WHAT YOU HAVE TO DO
The answer must consist only of the lines from the line with "(Inl \<circ> e\<^sub>1)" to the line with "by (rule bij_betw_trans[OF e\<^sub>2])", both included, exactly as they stand below.

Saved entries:
■ ■ ■

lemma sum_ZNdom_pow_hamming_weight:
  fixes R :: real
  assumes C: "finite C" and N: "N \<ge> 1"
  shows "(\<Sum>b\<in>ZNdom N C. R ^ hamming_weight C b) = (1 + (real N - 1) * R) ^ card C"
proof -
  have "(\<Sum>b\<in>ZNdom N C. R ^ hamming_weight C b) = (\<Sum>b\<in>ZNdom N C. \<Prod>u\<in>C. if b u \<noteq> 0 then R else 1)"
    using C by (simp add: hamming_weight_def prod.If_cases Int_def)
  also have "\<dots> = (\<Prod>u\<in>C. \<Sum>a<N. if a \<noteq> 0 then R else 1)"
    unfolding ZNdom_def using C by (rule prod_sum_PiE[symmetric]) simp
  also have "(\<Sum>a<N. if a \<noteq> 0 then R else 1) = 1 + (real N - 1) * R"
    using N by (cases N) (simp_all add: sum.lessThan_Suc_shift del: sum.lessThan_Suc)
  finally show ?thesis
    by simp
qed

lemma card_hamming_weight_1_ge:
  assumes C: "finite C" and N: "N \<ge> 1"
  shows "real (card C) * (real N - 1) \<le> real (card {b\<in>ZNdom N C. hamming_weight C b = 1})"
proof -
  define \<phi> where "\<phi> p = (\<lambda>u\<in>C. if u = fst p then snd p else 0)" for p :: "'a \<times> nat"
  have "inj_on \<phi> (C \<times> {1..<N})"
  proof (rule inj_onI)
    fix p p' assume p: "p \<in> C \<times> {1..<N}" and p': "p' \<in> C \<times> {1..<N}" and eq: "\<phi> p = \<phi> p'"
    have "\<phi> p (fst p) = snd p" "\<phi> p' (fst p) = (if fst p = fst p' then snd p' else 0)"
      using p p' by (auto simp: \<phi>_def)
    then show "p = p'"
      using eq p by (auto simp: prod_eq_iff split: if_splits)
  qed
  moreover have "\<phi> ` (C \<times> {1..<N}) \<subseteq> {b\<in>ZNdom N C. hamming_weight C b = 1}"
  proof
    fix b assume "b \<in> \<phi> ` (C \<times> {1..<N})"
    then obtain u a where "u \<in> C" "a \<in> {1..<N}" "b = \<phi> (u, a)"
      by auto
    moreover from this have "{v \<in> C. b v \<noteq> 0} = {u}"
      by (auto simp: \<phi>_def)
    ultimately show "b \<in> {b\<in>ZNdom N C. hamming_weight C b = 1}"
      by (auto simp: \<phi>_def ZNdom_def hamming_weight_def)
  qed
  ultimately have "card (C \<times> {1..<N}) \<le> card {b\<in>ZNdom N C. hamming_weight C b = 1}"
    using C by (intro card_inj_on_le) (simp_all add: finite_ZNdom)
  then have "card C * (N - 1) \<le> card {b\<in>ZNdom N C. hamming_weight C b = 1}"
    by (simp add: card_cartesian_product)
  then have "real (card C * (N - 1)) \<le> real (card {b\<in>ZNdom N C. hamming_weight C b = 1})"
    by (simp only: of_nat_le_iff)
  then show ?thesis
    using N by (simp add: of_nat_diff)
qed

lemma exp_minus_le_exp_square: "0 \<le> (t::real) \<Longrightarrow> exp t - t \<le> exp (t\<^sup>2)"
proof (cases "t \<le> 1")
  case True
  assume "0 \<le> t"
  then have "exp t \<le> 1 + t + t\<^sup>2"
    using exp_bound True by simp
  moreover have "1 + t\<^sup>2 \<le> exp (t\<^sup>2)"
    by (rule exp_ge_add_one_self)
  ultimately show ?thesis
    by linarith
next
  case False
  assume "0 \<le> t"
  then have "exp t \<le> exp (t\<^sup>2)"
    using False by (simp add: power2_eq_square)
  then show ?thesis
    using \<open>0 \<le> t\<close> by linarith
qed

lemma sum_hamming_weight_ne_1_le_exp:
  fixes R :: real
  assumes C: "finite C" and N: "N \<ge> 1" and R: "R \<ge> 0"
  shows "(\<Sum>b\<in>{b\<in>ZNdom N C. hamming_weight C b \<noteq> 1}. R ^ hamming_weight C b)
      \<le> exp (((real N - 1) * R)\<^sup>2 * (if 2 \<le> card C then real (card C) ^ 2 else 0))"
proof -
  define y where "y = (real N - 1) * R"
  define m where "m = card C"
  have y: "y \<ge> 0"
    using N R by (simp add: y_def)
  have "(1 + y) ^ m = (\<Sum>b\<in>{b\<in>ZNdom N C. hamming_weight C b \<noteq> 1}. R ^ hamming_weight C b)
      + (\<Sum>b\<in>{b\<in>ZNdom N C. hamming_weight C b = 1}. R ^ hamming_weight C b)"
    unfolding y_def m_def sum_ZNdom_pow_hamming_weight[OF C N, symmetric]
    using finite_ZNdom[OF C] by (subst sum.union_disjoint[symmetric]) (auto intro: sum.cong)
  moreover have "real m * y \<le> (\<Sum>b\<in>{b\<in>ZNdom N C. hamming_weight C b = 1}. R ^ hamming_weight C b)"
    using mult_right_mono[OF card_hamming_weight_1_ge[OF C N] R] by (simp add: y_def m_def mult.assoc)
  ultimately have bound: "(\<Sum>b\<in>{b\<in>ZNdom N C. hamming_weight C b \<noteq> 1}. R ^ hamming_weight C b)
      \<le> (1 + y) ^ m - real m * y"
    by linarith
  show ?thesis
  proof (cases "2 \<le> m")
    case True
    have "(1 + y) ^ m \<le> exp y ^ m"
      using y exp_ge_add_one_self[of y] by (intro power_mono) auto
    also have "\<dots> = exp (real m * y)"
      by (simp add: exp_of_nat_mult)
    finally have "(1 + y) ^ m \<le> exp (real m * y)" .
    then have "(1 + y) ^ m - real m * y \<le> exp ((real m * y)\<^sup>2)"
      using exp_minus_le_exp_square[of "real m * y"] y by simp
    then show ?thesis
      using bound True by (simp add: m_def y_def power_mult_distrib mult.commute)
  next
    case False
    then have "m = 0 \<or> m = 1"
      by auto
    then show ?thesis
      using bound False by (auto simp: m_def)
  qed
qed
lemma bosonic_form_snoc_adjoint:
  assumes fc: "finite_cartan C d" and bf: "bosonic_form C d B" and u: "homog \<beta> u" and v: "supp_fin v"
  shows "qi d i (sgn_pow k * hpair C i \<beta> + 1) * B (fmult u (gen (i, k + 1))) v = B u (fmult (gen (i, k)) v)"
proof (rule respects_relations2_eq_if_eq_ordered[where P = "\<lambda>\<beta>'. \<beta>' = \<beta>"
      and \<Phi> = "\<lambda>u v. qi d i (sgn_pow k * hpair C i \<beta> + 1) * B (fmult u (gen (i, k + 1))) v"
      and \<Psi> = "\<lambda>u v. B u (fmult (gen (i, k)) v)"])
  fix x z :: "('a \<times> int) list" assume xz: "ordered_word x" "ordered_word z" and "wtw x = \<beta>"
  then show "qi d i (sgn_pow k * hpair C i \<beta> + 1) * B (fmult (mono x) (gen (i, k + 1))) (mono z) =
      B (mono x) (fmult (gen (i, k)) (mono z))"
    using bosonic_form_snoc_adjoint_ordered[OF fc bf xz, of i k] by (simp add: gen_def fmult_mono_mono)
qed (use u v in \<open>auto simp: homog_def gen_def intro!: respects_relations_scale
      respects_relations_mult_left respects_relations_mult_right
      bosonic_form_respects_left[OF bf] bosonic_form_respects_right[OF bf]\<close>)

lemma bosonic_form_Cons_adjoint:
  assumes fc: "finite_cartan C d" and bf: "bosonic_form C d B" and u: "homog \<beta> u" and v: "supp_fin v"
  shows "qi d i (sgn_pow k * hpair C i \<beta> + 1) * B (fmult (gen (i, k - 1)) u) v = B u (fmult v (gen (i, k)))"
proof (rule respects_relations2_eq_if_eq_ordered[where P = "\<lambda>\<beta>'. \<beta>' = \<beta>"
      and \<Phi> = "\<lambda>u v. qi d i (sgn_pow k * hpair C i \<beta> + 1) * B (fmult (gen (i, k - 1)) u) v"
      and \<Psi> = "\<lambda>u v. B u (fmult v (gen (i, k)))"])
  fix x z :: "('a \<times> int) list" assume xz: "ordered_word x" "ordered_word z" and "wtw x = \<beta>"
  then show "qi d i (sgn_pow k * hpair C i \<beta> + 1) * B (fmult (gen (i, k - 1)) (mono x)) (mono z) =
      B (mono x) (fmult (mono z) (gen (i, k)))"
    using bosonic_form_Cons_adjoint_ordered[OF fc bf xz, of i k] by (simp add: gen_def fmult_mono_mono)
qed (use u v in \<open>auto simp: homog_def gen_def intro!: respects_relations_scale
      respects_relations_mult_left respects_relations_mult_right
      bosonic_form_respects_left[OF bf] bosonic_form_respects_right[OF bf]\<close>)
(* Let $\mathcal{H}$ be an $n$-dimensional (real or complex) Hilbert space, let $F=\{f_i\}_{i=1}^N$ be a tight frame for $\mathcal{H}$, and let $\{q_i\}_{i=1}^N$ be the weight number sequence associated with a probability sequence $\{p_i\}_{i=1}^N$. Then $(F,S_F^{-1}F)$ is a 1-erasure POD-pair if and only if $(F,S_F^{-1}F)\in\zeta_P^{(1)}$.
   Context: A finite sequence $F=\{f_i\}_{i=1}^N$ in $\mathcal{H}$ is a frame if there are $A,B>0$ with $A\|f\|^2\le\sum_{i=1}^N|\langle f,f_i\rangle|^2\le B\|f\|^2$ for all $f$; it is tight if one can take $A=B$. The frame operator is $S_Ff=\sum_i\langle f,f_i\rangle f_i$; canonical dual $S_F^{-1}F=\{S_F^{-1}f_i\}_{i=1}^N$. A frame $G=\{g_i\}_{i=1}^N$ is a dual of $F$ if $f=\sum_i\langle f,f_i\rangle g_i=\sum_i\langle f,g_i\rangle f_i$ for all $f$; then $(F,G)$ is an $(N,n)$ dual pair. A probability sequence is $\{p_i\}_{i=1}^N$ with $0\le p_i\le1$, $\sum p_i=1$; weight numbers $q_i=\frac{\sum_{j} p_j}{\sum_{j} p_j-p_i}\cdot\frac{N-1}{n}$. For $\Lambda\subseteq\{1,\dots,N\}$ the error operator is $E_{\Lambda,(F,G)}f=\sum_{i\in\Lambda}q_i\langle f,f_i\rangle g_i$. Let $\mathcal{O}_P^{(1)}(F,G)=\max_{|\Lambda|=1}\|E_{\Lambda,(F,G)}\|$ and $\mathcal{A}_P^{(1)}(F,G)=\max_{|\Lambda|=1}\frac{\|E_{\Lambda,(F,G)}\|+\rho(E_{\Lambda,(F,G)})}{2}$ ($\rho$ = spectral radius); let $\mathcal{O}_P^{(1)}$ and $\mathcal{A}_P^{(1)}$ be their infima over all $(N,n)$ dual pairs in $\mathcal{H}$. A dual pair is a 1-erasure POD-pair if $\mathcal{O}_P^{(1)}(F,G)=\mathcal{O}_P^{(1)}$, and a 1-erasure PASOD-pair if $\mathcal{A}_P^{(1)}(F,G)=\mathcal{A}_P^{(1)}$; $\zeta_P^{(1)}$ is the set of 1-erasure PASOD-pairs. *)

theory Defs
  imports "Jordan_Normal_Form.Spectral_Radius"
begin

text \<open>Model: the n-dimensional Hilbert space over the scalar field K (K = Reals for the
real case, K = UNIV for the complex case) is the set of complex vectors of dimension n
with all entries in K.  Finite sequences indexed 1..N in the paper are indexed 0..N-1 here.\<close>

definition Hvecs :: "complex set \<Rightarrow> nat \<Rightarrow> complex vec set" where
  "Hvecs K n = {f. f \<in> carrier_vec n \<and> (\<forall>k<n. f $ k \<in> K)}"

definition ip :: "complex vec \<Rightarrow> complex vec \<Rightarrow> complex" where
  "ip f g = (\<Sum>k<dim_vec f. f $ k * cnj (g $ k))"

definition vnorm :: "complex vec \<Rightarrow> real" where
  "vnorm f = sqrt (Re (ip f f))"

■ ■ ■

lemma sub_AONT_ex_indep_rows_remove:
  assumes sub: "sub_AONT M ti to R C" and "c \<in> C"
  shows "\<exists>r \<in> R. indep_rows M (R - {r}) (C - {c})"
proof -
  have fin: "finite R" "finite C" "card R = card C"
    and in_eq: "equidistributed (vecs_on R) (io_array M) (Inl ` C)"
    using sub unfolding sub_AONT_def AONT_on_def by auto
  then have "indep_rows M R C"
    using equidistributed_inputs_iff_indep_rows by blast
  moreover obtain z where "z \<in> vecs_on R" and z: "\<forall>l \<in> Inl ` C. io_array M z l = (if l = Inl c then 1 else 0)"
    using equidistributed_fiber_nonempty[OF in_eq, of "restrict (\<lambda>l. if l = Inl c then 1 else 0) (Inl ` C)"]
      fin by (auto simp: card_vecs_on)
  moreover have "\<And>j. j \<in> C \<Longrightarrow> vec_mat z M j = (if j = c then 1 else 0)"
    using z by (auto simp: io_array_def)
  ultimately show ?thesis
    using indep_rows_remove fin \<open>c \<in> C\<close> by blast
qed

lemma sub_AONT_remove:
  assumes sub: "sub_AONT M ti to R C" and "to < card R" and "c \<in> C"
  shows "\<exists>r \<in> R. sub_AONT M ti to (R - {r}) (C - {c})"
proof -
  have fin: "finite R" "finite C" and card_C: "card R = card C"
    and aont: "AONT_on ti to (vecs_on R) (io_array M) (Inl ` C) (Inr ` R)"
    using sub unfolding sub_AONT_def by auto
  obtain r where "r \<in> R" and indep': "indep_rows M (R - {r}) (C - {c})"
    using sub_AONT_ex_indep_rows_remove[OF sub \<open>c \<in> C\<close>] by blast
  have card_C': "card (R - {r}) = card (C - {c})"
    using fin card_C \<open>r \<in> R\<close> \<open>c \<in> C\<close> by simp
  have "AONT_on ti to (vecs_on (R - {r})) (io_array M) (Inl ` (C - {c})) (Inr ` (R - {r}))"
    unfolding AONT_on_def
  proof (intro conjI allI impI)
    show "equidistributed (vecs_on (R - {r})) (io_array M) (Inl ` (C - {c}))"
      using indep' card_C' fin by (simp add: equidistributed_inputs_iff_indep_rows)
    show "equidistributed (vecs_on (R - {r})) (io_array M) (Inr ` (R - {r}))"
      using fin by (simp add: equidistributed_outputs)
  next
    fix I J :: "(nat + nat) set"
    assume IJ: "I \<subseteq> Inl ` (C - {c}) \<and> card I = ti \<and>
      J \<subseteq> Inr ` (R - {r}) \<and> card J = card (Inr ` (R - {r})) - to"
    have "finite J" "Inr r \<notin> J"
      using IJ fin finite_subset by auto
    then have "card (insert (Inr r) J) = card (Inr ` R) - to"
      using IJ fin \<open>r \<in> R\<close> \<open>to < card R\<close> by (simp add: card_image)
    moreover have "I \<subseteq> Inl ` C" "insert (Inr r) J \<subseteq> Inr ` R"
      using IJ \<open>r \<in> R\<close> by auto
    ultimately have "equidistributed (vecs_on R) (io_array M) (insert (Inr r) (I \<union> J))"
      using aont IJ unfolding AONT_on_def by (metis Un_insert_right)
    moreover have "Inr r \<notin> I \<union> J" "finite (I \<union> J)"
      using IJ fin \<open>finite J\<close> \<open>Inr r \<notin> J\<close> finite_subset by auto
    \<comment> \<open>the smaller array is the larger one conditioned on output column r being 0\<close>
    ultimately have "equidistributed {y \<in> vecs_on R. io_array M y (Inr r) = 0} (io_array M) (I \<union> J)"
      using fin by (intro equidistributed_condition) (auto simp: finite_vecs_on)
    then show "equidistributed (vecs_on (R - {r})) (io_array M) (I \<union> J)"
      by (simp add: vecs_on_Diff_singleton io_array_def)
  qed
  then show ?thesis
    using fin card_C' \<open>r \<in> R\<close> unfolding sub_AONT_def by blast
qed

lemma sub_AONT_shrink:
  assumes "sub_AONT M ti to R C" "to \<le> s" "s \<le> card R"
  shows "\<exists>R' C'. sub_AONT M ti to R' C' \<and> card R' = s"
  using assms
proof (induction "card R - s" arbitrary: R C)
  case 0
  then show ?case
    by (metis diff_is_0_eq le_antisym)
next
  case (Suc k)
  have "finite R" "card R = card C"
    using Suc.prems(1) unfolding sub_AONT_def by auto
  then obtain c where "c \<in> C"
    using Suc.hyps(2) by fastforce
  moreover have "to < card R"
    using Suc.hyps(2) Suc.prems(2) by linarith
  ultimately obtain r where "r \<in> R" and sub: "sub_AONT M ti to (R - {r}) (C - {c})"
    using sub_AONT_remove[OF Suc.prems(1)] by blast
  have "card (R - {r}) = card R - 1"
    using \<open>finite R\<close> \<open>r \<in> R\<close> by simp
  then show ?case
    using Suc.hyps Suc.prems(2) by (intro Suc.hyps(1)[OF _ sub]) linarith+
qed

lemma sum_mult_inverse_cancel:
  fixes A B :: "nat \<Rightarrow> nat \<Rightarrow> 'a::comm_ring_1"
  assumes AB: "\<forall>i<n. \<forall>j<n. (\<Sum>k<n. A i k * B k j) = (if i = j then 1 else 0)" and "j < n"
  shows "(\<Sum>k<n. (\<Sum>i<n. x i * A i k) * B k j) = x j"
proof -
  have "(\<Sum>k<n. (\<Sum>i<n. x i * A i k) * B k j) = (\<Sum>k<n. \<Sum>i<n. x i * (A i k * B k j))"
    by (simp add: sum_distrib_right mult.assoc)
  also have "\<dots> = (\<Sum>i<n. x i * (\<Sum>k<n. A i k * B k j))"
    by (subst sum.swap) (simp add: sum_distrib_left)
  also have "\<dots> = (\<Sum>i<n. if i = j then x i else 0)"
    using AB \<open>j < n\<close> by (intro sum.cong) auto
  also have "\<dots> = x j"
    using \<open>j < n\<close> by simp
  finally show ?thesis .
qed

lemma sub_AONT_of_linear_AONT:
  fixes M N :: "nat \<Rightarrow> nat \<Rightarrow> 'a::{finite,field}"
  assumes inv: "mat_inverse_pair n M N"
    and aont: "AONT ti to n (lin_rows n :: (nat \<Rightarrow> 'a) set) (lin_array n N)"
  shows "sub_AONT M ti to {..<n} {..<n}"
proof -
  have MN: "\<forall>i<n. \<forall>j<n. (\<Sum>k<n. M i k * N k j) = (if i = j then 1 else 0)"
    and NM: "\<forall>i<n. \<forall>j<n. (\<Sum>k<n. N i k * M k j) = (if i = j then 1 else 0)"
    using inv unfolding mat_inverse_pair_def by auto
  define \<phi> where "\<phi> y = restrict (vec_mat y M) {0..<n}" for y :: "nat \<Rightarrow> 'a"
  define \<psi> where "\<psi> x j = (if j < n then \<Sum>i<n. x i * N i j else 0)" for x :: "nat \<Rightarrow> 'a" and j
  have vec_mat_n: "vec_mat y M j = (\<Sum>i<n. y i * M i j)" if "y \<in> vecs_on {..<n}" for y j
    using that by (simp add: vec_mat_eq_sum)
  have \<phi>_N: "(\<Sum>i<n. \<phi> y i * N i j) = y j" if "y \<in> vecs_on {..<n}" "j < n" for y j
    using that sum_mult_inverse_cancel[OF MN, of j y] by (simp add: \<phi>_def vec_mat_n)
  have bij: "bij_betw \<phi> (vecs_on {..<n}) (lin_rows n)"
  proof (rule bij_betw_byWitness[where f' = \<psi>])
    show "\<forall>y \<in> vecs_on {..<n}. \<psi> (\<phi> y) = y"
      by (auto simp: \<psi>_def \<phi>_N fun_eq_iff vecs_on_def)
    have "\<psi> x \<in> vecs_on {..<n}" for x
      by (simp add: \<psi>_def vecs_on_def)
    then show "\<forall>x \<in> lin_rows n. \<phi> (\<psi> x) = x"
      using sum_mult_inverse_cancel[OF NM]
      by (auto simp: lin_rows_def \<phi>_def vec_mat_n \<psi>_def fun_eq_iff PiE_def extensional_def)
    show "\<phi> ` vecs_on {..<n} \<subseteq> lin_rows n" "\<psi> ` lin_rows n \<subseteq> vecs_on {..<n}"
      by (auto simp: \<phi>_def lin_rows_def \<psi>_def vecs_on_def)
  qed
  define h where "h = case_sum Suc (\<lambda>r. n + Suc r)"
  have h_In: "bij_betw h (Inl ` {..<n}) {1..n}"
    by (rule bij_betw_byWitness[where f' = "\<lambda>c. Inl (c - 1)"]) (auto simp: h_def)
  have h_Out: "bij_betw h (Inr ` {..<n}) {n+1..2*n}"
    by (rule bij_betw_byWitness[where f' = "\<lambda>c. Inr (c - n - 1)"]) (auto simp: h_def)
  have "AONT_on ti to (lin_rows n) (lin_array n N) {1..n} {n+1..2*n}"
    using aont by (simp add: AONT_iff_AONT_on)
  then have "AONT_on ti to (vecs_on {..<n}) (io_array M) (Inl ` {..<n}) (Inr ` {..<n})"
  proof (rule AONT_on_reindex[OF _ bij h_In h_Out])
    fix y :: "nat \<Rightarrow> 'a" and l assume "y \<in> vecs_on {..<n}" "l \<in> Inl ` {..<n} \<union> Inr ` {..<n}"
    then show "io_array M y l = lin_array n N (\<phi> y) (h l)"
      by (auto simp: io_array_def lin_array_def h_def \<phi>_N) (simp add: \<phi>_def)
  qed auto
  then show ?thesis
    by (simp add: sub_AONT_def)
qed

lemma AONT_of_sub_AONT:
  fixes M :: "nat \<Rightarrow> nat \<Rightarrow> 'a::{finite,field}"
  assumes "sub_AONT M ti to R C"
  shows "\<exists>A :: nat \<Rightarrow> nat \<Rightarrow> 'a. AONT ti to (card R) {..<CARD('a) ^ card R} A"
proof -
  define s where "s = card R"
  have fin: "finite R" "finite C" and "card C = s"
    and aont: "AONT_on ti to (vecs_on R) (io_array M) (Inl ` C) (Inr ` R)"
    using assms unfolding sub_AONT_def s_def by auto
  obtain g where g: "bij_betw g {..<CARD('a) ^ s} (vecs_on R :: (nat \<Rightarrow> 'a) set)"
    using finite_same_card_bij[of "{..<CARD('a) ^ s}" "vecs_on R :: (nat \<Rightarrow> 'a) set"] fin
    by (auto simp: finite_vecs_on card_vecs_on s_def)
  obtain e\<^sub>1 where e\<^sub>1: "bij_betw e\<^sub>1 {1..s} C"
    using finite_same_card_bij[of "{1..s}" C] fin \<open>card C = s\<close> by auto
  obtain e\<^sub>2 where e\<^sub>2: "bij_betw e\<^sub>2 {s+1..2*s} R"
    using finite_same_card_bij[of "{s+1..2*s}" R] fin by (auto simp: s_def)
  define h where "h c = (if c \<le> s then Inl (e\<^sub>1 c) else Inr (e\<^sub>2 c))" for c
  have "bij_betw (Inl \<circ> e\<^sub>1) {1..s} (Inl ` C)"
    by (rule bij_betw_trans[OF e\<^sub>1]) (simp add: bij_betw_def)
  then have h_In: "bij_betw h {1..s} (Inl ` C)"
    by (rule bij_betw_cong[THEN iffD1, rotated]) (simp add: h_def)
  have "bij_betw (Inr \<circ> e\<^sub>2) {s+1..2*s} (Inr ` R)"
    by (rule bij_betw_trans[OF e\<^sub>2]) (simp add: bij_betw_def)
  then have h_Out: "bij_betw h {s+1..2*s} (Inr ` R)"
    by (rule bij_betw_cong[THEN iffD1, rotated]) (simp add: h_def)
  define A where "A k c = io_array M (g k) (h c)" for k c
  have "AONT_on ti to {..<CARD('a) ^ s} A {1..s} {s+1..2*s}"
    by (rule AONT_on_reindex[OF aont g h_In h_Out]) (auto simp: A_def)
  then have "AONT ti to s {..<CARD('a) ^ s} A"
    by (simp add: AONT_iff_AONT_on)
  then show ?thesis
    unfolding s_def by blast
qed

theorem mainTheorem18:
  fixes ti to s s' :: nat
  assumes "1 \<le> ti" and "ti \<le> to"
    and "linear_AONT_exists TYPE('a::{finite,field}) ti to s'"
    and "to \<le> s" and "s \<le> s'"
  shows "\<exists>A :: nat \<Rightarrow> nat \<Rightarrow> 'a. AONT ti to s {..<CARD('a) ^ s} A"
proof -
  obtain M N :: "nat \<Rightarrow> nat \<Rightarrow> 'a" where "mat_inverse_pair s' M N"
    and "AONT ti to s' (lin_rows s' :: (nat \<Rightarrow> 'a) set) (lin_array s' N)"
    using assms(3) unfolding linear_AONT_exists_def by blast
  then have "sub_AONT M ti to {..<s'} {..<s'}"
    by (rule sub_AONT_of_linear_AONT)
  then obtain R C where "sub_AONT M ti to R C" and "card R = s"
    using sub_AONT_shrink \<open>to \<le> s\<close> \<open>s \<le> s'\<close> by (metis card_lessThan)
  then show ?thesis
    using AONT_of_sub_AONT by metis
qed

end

■ ■ ■

EXERCISE RESPONSE
  have "bij_betw (Inl \<circ> e\<^sub>1) {1..s} (Inl ` C)"
    by (rule bij_betw_trans[OF e\<^sub>1]) (simp add: bij_betw_def)
  then have h_In: "bij_betw h {1..s} (Inl ` C)"
    by (rule bij_betw_cong[THEN iffD1, rotated]) (simp add: h_def)
  have "bij_betw (Inr \<circ> e\<^sub>2) {s+1..2*s} (Inr ` R)"
    by (rule bij_betw_trans[OF e\<^sub>2]) (simp add: bij_betw_def)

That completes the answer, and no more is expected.